• **Dataset records**:
■ ■ ■

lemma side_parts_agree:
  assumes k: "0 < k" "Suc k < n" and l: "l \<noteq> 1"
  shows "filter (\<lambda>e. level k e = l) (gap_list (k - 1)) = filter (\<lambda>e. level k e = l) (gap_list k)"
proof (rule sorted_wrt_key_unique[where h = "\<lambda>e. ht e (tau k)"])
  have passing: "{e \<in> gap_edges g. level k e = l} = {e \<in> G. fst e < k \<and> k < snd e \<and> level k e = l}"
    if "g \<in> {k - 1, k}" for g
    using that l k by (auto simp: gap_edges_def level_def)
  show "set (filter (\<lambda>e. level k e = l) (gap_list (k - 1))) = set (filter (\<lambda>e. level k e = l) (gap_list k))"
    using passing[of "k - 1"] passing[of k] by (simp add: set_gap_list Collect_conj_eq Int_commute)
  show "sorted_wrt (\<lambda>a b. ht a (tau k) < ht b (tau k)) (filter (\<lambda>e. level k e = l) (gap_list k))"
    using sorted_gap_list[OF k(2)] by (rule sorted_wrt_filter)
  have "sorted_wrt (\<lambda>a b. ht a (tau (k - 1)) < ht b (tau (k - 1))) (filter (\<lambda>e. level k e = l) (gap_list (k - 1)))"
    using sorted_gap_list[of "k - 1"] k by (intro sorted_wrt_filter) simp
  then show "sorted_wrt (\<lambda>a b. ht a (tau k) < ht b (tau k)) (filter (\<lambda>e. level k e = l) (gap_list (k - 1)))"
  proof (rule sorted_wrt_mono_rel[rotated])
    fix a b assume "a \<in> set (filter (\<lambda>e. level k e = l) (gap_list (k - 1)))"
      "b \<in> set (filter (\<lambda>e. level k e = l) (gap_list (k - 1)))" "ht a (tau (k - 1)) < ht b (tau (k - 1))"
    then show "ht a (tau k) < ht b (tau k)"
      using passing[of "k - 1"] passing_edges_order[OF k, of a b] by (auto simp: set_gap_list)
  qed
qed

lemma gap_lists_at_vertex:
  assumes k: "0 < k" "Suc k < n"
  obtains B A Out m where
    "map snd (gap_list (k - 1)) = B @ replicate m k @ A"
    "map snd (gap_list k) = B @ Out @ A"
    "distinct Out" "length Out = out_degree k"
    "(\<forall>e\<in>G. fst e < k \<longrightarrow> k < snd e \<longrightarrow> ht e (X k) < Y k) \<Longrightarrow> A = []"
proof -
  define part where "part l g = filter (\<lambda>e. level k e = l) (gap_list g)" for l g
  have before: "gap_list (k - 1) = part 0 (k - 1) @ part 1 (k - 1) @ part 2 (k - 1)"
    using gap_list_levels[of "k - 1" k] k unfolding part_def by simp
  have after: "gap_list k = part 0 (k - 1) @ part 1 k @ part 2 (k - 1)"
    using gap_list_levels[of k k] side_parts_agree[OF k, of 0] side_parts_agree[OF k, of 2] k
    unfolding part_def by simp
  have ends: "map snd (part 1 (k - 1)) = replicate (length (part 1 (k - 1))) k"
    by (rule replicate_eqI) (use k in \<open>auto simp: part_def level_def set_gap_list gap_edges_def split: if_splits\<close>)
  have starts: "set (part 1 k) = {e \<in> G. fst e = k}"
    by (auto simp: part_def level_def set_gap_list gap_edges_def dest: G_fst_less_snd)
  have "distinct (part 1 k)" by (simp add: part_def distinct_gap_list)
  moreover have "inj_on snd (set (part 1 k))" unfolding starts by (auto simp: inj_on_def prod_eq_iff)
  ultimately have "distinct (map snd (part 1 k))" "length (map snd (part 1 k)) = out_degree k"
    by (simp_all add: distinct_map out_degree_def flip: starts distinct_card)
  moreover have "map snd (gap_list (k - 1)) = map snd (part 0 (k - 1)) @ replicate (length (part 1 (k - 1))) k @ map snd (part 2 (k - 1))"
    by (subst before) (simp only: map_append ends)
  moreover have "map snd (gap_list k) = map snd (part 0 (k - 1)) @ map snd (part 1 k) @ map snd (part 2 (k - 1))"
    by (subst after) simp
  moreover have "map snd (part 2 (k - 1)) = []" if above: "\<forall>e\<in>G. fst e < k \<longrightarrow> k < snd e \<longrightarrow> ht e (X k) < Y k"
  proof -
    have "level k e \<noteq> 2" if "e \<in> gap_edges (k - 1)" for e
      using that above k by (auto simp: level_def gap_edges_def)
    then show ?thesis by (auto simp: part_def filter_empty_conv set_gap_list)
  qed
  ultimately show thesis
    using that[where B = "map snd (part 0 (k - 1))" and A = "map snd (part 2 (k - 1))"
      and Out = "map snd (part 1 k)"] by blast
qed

■ ■ ■

• **Instructions to follow**:
Look back at the records above. Repeat all of them exactly.

• **Reply to the exercise**:
lemma side_parts_agree:
  assumes k: "0 < k" "Suc k < n" and l: "l \<noteq> 1"
  shows "filter (\<lambda>e. level k e = l) (gap_list (k - 1)) = filter (\<lambda>e. level k e = l) (gap_list k)"
proof (rule sorted_wrt_key_unique[where h = "\<lambda>e. ht e (tau k)"])
  have passing: "{e \<in> gap_edges g. level k e = l} = {e \<in> G. fst e < k \<and> k < snd e \<and> level k e = l}"
    if "g \<in> {k - 1, k}" for g
    using that l k by (auto simp: gap_edges_def level_def)
  show "set (filter (\<lambda>e. level k e = l) (gap_list (k - 1))) = set (filter (\<lambda>e. level k e = l) (gap_list k))"
    using passing[of "k - 1"] passing[of k] by (simp add: set_gap_list Collect_conj_eq Int_commute)
  show "sorted_wrt (\<lambda>a b. ht a (tau k) < ht b (tau k)) (filter (\<lambda>e. level k e = l) (gap_list k))"
    using sorted_gap_list[OF k(2)] by (rule sorted_wrt_filter)
  have "sorted_wrt (\<lambda>a b. ht a (tau (k - 1)) < ht b (tau (k - 1))) (filter (\<lambda>e. level k e = l) (gap_list (k - 1)))"
    using sorted_gap_list[of "k - 1"] k by (intro sorted_wrt_filter) simp
  then show "sorted_wrt (\<lambda>a b. ht a (tau k) < ht b (tau k)) (filter (\<lambda>e. level k e = l) (gap_list (k - 1)))"
  proof (rule sorted_wrt_mono_rel[rotated])
    fix a b assume "a \<in> set (filter (\<lambda>e. level k e = l) (gap_list (k - 1)))"
      "b \<in> set (filter (\<lambda>e. level k e = l) (gap_list (k - 1)))" "ht a (tau (k - 1)) < ht b (tau (k - 1))"
    then show "ht a (tau k) < ht b (tau k)"
      using passing[of "k - 1"] passing_edges_order[OF k, of a b] by (auto simp: set_gap_list)
  qed
qed

lemma gap_lists_at_vertex:
  assumes k: "0 < k" "Suc k < n"
  obtains B A Out m where
    "map snd (gap_list (k - 1)) = B @ replicate m k @ A"
    "map snd (gap_list k) = B @ Out @ A"
    "distinct Out" "length Out = out_degree k"
    "(\<forall>e\<in>G. fst e < k \<longrightarrow> k < snd e \<longrightarrow> ht e (X k) < Y k) \<Longrightarrow> A = []"
proof -
  define part where "part l g = filter (\<lambda>e. level k e = l) (gap_list g)" for l g
  have before: "gap_list (k - 1) = part 0 (k - 1) @ part 1 (k - 1) @ part 2 (k - 1)"
    using gap_list_levels[of "k - 1" k] k unfolding part_def by simp
  have after: "gap_list k = part 0 (k - 1) @ part 1 k @ part 2 (k - 1)"
    using gap_list_levels[of k k] side_parts_agree[OF k, of 0] side_parts_agree[OF k, of 2] k
    unfolding part_def by simp
  have ends: "map snd (part 1 (k - 1)) = replicate (length (part 1 (k - 1))) k"
    by (rule replicate_eqI) (use k in \<open>auto simp: part_def level_def set_gap_list gap_edges_def split: if_splits\<close>)
  have starts: "set (part 1 k) = {e \<in> G. fst e = k}"
    by (auto simp: part_def level_def set_gap_list gap_edges_def dest: G_fst_less_snd)
  have "distinct (part 1 k)" by (simp add: part_def distinct_gap_list)
  moreover have "inj_on snd (set (part 1 k))" unfolding starts by (auto simp: inj_on_def prod_eq_iff)
  ultimately have "distinct (map snd (part 1 k))" "length (map snd (part 1 k)) = out_degree k"
    by (simp_all add: distinct_map out_degree_def flip: starts distinct_card)
  moreover have "map snd (gap_list (k - 1)) = map snd (part 0 (k - 1)) @ replicate (length (part 1 (k - 1))) k @ map snd (part 2 (k - 1))"
    by (subst before) (simp only: map_append ends)
  moreover have "map snd (gap_list k) = map snd (part 0 (k - 1)) @ map snd (part 1 k) @ map snd (part 2 (k - 1))"
    by (subst after) simp
  moreover have "map snd (part 2 (k - 1)) = []" if above: "\<forall>e\<in>G. fst e < k \<longrightarrow> k < snd e \<longrightarrow> ht e (X k) < Y k"
  proof -
    have "level k e \<noteq> 2" if "e \<in> gap_edges (k - 1)" for e
      using that above k by (auto simp: level_def gap_edges_def)
    then show ?thesis by (auto simp: part_def filter_empty_conv set_gap_list)
  qed
  ultimately show thesis
    using that[where B = "map snd (part 0 (k - 1))" and A = "map snd (part 2 (k - 1))"
      and Out = "map snd (part 1 k)"] by blast
qed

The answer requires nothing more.